Elizabeth Coleon est Chief Marketing Officer chez Withings, leader de la santé connectée. Auparavant, elle a été directrice de la croissance commerciale pour l’UE occidentale chez PayPal, et a dirigé l’équipe de croissance de Qonto à partir de la série B à la série D en développant notamment des marchés en Italie, Allemagne et Espagne.

Au travers de ses expériences, Elizabeth a développé des frameworks pour prioriser ses marchés, gérer et adapter ses stratégies, et mettre en place une organisation transnationale adéquate. Qu’a-t-elle appris de son passage chez PayPal ? Quelle a été son expérience la plus challengeante ? Quelles différences constate-t-elle dans la manière d’exécuter aujourd’hui la stratégie par rapport à l’époque PayPal ? En termes d’organisation, quelles sont les fonctions que Elizabeth préfère garder en central et celles qu’elle préfère laisser aux locaux ? Elle nous explique.

Tu as démarré chez PayPal aux côtés notamment de Dan Schulman et son deuxième IPO. Qu’as-tu appris ?

Dans l’ensemble, j’ai retenu trois choses de mon expérience dans l’entreprise :

1/ L’importance de donner une vision et une stratégie à une équipe. Lorsque Dan Schulman est arrivé, il a insufflé une vision dans laquelle le rôle de PayPal était de démocratiser les paiements.
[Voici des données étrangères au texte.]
theorem corollary3p6:
  fixes H :: real
  assumes Hpos: "H > 0"
    and smoothing: "\<And>p q t \<phi>. 1 \<le> p \<Longrightarrow> p \<le> q \<Longrightarrow> t > 0 \<Longrightarrow> memLp p (\<phi> :: real^8 \<Rightarrow> real) \<Longrightarrow>
        Lp_norm q (bih_heat t \<phi>)
          \<le> ennreal (H * t powr (- (8 / 4) * (inv_exp p - inv_exp q))) * Lp_norm p \<phi>"
  shows "(\<forall>g :: real^8 \<Rightarrow> real. memLp 1 g \<and> memLp 4 g \<longrightarrow>
           (\<forall>t > 0. Orlicz_norm (bih_heat t g)
                     \<le> ennreal (zeta H t * (enn2real (Lp_norm 1 g) + enn2real (Lp_norm 4 g)))))
         \<and> set_integrable lborel {0<..} (zeta H)"
proof (intro conjI allI impI)
  show "set_integrable lborel {0<..} (zeta H)" using Hpos by (rule set_integrable_zeta)
next
  fix g :: "real^8 \<Rightarrow> real" and t :: real
  assume g: "memLp 1 g \<and> memLp 4 g" and t: "t > 0"
  have smooth: "Lp_norm q (bih_heat t g)
      \<le> ennreal (H * t powr (- 2 * (inv_exp p - inv_exp q)) * enn2real (Lp_norm p g))"
    if "1 \<le> p" "p \<le> q" "memLp p g" for p q
  proof -
    have "Lp_norm p g = ennreal (enn2real (Lp_norm p g))"
      using \<open>memLp p g\<close> unfolding memLp_def by (simp add: less_top)
    then show ?thesis
      using smoothing[OF that(1,2) t that(3)] Hpos by (simp add: ennreal_mult)
  qed
  show "Orlicz_norm (bih_heat t g) \<le> ennreal (zeta H t * (enn2real (Lp_norm 1 g) + enn2real (Lp_norm 4 g)))"
    using smooth[of 4 \<infinity>] smooth[of 4 4] smooth[of 1 \<infinity>] smooth[of 1 4] g t Hpos
    by (intro Orlicz_norm_le_zeta) (simp_all add: inv_exp_def)
qed

end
En stratégie, il était prêt à disrupter les marges du produit checkout PayPal en développant un produit paiement par carte bancaire qu’il était nécessaire de faire évoluer vis-a-vis des GAFAM qui entraient en paiements.

2/ L’importance de l’esprit d’entreprise et le fait que l’on peut faire la différence même dans une très grande entreprise dès lors que l’on est prêt à retrousser ses manches en allant sur le terrain et en étant force de persuasion. Mon plus grand projet au cours de ces années a été de convaincre les États-Unis que nous devions rendre notre produit de paiement peer to peer gratuit pour les consommateurs afin de stimuler l’acquisition et, plus tard, générer plus de revenus.
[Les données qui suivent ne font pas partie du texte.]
lemma two_MDS_if_punctures_lightly_two_MDS:
  fixes C :: "(nat \<Rightarrow> 'a::field) set"
  assumes lc: "lin_code I C" and wt_gt: "\<forall>c\<in>C. c \<noteq> 0 \<longrightarrow> card I - code_dim C < wt c"
    and punct: "\<And>X. X \<subseteq> I \<Longrightarrow> max 0 (int (card I) - 2 * int (code_dim C)) \<le> int (card X) \<Longrightarrow>
                  int (card X) \<le> int (card I) - int (code_dim C) - 3 \<Longrightarrow>
                  lightly_two_MDS (I - X) (puncture_vec I X ` C)"
  shows "two_MDS I C"
  unfolding two_MDS_iff_no_violation
proof (intro notI, elim exE)
  fix e0 e1 e2 assume e: "two_MDS_violation I C e0 e1 e2"
  define n k where "n = card I" and "k = code_dim C"
  define T2 T1 where "T2 = supp_overlap e0 e1 e2" and "T1 = supp_single e0 e1 e2"
  have "finite I" using lc by (simp add: lin_code_def)
  have ev: "e0 \<in> vecs I" "e1 \<in> vecs I" "e2 \<in> vecs I"
    and ed: "e0 - e1 \<in> C" "e0 - e2 \<in> C" "e1 - e2 \<in> C" "e0 \<noteq> e1" "e0 \<noteq> e2" "e1 \<noteq> e2"
    and wt_e: "wt e0 + wt e1 + wt e2 \<le> 2 * (n - k)"
    using e unfolding two_MDS_violation_def n_def k_def by simp_all
  note tb = triple_weight_bounds[OF ev \<open>finite I\<close>, folded T2_def T1_def]
  have "n - k < wt (e0 - e1)" "n - k < wt (e0 - e2)" "n - k < wt (e1 - e2)"
    using wt_gt ed unfolding n_def k_def by auto
  then have t2_le: "card T2 + 3 \<le> n - k" and "3 \<le> k" and "k \<le> n"
    using tb wt_e unfolding n_def by linarith+
  define z where "z = n - 2 * k - card T2"
  have "z \<le> card T1" using tb(3) \<open>n - k < wt (e0 - e1)\<close> unfolding z_def by linarith
  then obtain Y where Y: "Y \<subseteq> T1" "card Y = z"
    by (meson obtain_subset_with_card_n)
  \<comment> \<open>Y tops the overlap coordinates up to n - 2k; if t2 already exceeds it, z = 0.\<close>
  define X where "X = T2 \<union> Y"
  have T: "T2 \<subseteq> I" "T1 \<subseteq> I" "T1 \<inter> T2 = {}"
    using supp_overlap_single_subset[OF ev] unfolding T1_def T2_def
    by (auto simp: supp_overlap_def supp_single_def)
  have "finite T2" using T(1) \<open>finite I\<close> by (rule finite_subset)
  have "finite Y" using Y(1) T(2) \<open>finite I\<close> by (meson finite_subset)
  have "X \<subseteq> I" using T Y(1) unfolding X_def by blast
  have cX: "card X = card T2 + z"
    using card_Un_disjoint[OF \<open>finite T2\<close> \<open>finite Y\<close>] Y T(3) unfolding X_def by auto
  have "T1 - X = T1 - Y" using T(3) unfolding X_def by blast
  then have "card (T1 - X) = card T1 - z"
    using card_Diff_subset[OF \<open>finite Y\<close> Y(1)] Y(2) by simp
  then have wt_p: "wt (puncture_vec I X e0) + wt (puncture_vec I X e1) + wt (puncture_vec I X e2)
      = card T1 - z"
    using wt_puncture_vec_triple[OF ev \<open>finite I\<close>, of X] unfolding X_def T1_def T2_def by simp
  have "card (I - X) = n - card X"
    using card_Diff_subset[OF finite_subset[OF \<open>X \<subseteq> I\<close> \<open>finite I\<close>] \<open>X \<subseteq> I\<close>]
    unfolding n_def .
  moreover have "card T1 - z \<le> 2 * (n - card X - k)"
    using tb(1,4) wt_e cX unfolding z_def n_def by linarith
  ultimately have wt_p_le: "wt (puncture_vec I X e0) + wt (puncture_vec I X e1) + wt (puncture_vec I X e2)
      \<le> 2 * (card (I - X) - code_dim C)"
    using wt_p unfolding k_def by simp
  have "supp_overlap e0 e1 e2 \<subseteq> X" unfolding X_def T2_def by blast
  moreover have "card X \<le> card I - code_dim C"
    using cX t2_le unfolding z_def n_def k_def by linarith
  ultimately have "lightly_two_MDS_violation (I - X) (puncture_vec I X ` C)
      (puncture_vec I X e0) (puncture_vec I X e1) (puncture_vec I X e2)"
    by (rule lightly_two_MDS_violation_puncture[OF lc wt_gt e \<open>X \<subseteq> I\<close> _ _ wt_p_le])
  moreover have "lightly_two_MDS (I - X) (puncture_vec I X ` C)"
    using punct[OF \<open>X \<subseteq> I\<close>] cX t2_le \<open>3 \<le> k\<close> unfolding z_def n_def k_def by simp
  ultimately show False unfolding lightly_two_MDS_iff_no_violation by blast
qed

theorem mainTheorem15:
  fixes C :: "(nat \<Rightarrow> 'a::{field,finite}) set" and n k :: nat
  assumes "lin_code {0..<n} C" and "code_dim C = k" and "is_MDS {0..<n} C"
  shows "two_MDS {0..<n} C \<longleftrightarrow>
    (\<forall>w::nat. \<forall>X. max 0 (int n - 2 * int k) \<le> int w \<longrightarrow> int w \<le> int n - int k - 3 \<longrightarrow>
        X \<subseteq> {0..<n} \<longrightarrow> card X = w \<longrightarrow>
        lightly_two_MDS ({0..<n} - X) (puncture {0..<n} X C))"
proof -
  have wt_gt: "\<forall>c\<in>C. c \<noteq> 0 \<longrightarrow> card {0..<n} - code_dim C < wt c"
    using MDS_wt_gt[OF assms(3)] by blast
  show ?thesis
    unfolding puncture_eq_image
  proof (intro iffI allI impI)
    fix w :: nat and X :: "nat set"
    assume "two_MDS {0..<n} C" and "int w \<le> int n - int k - 3" "X \<subseteq> {0..<n}" "card X = w"
    moreover from this have "\<forall>c\<in>C. c \<noteq> 0 \<longrightarrow> card X < wt c"
      using wt_gt assms(2) by fastforce
    ultimately show "lightly_two_MDS ({0..<n} - X) (puncture_vec {0..<n} X ` C)"
      using lightly_two_MDS_puncture_if_two_MDS[OF assms(1)] assms(2) by simp
  next
    assume "\<forall>w X. max 0 (int n - 2 * int k) \<le> int w \<longrightarrow> int w \<le> int n - int k - 3 \<longrightarrow>
        X \<subseteq> {0..<n} \<longrightarrow> card X = w \<longrightarrow> lightly_two_MDS ({0..<n} - X) (puncture_vec {0..<n} X ` C)"
    then show "two_MDS {0..<n} C"
      using two_MDS_if_punctures_lightly_two_MDS[OF assms(1) wt_gt] assms(2) by simp
  qed
qed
3/ L’importance des personnes et du leadership. Les dirigeants, en particulier là où j’étais en Europe, ont donné la priorité au développement des talents, aux opportunités, au coaching, au parcours de carrière, au développement de l’environnement de travail. Les différents directeurs généraux de la région m’ont mis au défi et m’ont donné des opportunités. J’en retire à la fois des enseignements pour développer mes propres équipes, mais aussi un réseau extrêmement solide qui me soutient lorsque j’ai des questions ou que j’ai besoin de quelqu’un pour m’écouter.
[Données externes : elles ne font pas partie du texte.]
(* Let $n,k$ be integers with $k\leqslant n<2k-3$. Then there exists $M$ such that for every integer $m\geqslant M$ we have $\alpha(m,n,k)=h(m,n,k)$, and every $(m,n,k)$-intersecting family of maximum cardinality equals $\mathcal{H}_t^{m,n,k}$ for some $t\in[n]$.
   Context: For positive integers $a\leqslant b$, $[a,b]=\{a,a+1,\dots,b\}$ and $[a]=[1,a]$; $\binom{X}{k}$ denotes the family of all $k$-subsets of a set $X$. A family of sets is intersecting if no two of its members are disjoint. For integers $0<k\leqslant n<2k<m$, an $(m,n,k)$-intersecting family is an intersecting family $\mathcal{F}$ with $\binom{[n]}{k}\subseteq\mathcal{F}\subseteq\binom{[m]}{k}$, and $\alpha(m,n,k)$ is the maximum cardinality of an $(m,n,k)$-intersecting family. Define $h(m,n,k)=\binom{n}{k}+\sum_{i=1}^{2k-n-1}\binom{n-1}{k-i-1}\binom{m-n}{i}$. For $t\in[n]$, define \[ \mathcal{H}_t^{m,n,k}=\binom{[n]}{k}\cup\bigcup_{i=1}^{2k-n-1}\left\{A\cup B\cup\{t\}\ \middle|\ A\in\binom{[n]\setminus\{t\}}{k-i-1},\ B\in\binom{[n+1,m]}{i}\right\}, \] an $(m,n,k)$-intersecting family of cardinality $h(m,n,k)$. *)

theory Defs
  imports Main
begin

definition intersecting :: "nat set set \<Rightarrow> bool" where
  "intersecting F \<longleftrightarrow> (\<forall>A\<in>F. \<forall>B\<in>F. A \<inter> B \<noteq> {})"

definition ksubsets :: "nat set \<Rightarrow> nat \<Rightarrow> nat set set" where
  "ksubsets X k = {A. A \<subseteq> X \<and> card A = k}"

definition mnk_intersecting :: "nat \<Rightarrow> nat \<Rightarrow> nat \<Rightarrow> nat set set \<Rightarrow> bool" where
  "mnk_intersecting m n k F \<longleftrightarrow>
     intersecting F \<and> ksubsets {1..n} k \<subseteq> F \<and> F \<subseteq> ksubsets {1..m} k"

definition alpha :: "nat \<Rightarrow> nat \<Rightarrow> nat \<Rightarrow> nat" where
  "alpha m n k = Max (card ` {F. mnk_intersecting m n k F})"

definition h :: "nat \<Rightarrow> nat \<Rightarrow> nat \<Rightarrow> nat" where
  "h m n k = (n choose k) +
     (\<Sum>i=1..2*k-n-1. ((n-1) choose (k-i-1)) * ((m-n) choose i))"

definition H :: "nat \<Rightarrow> nat \<Rightarrow> nat \<Rightarrow> nat \<Rightarrow> nat set set" where
  "H m n k t = ksubsets {1..n} k \<union>
     (\<Union>i\<in>{1..2*k-n-1}. {A \<union> B \<union> {t} | A B.
        A \<in> ksubsets ({1..n} - {t}) (k-i-1) \<and> B \<in> ksubsets {n+1..m} i})"

end

theory Submission
  imports Defs "HOL-Combinatorics.Multiset_Permutations"
begin

text \<open>
  A member \<open>A\<close> of an \<open>(m,n,k)\<close>-intersecting family \<open>F\<close> meets \<open>[n+1,m]\<close> in at most
  \<open>s = 2k-n-1\<close> points, for otherwise \<open>[n] - A\<close> contains a \<open>k\<close>-set disjoint from \<open>A\<close>.
  Members meeting \<open>[n+1,m]\<close> in fewer than \<open>s\<close> points number \<open>O(m^(s-1))\<close>, while
  \<open>h(m,n,k)\<close> grows like \<open>C(n-1,n-k) C(m-n,s)\<close>. A member at the top level \<open>s\<close> has a trace
  \<open>A \<inter> [n]\<close> of size \<open>n-k+1\<close>; call a trace heavy if it carries more members than the
  \<open>s\<close> new points of a single member can pierce. Members over two disjoint traces must meet
  in new points, so the heavy traces form an intersecting family of \<open>(n-k+1)\<close>-subsets of
  \<open>[n]\<close>, where \<open>2(n-k+1) < n\<close>. By the Erdos-Ko-Rado theorem there are at most
  \<open>C(n-1,n-k)\<close> of them. If there are fewer, counting gives \<open>|F| < h(m,n,k)\<close> for large
  \<open>m\<close>. If there are exactly that many, the uniqueness part of Erdos-Ko-Rado (proved here by
  Katona's circle method) makes them the star of some \<open>t \<in> [n]\<close>; then \<open>t\<close> lies in every
  member meeting \<open>[n+1,m]\<close>, i.e. \<open>F \<subseteq> H_t\<close>.
\<close>

section \<open>Cyclic distances\<close>

definition cdist :: "nat \<Rightarrow> nat \<Rightarrow> nat \<Rightarrow> nat" where
  "cdist n a b = (if a \<le> b then b - a else n + b - a)"

lemma cdist_inj_left:
  "a < n \<Longrightarrow> b < n \<Longrightarrow> c < n \<Longrightarrow> cdist n a c = cdist n b c \<Longrightarrow> a = b"
  by (auto simp: cdist_def split: if_splits)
Tu as géré la croissance internationale chez PayPal et Qonto, et aujourd’hui Withings. Peux-tu nous parler de ton expérience la plus challengeante ?

L’expérience la plus challengeante était le moment du lockdown pour le Covid en 2020. J’étais chez Qonto depuis seulement 6 mois et c’était la première fois que j’avais des responsabilités aussi larges avec des enjeux aussi importants vis-à-vis de mon équipe et du business.

C’était primordial de rassurer nos clients, d’adapter nos investissements marketing tout en rassurant l’équipe (certains ont vécu des moments personnels très difficiles). J’ai eu la chance d’être entourée par une équipe extraordinaire qui m’a donné de l’énergie chaque jour. Nous avons pu nous soutenir pendant les moments difficiles.

Nous avons su rapidement adapter nos communications externes et notre façon de collaborer en interne : utilisation de Notion, Slack, avec encore plus de transparence même si des fois on prenait des risques en communiquant lorsque l’on avait des problèmes. Du coup, je pense que Qonto a su transformer ce moment en une opportunité de développer la confiance de nos clients et de renforcer l’équipe. Aussi, je précise que j’ai eu la chance d’avoir un mari en soutien puisqu’il s’est occupé de nos 3 enfants pendant cette période.

Vois-tu des différences dans la façon dont tu exécutes ta stratégie aujourd’hui par rapport à l’époque PayPal ?

Chez PayPal, qui était déjà une grosse entreprise, j’ai principalement appris les fondamentaux de leadership, la stratégie et les bases d’exécution en termes d’alignement et gestion de projet pour faire bouger “un paquebot”.

Exemple : chaque année, nous avions un planning chargé et nous devions prioriser les ressources des pays. L’Inde et la France sont deux énormes marchés très différents. La France est mature avec moins de risques. Ce n’est pas le cas de l’Inde où le risque est plus important. Je devais donc réfléchir à différents éléments comme la taille du marché potentiel, la croissance existante, la complexité de la réglementation, l’alignement avec la boîte, la possibilité d’avoir une équipe locale, les produits pour réussir à se développer, et à comment les présenter simplement tout en ayant un plan optimal.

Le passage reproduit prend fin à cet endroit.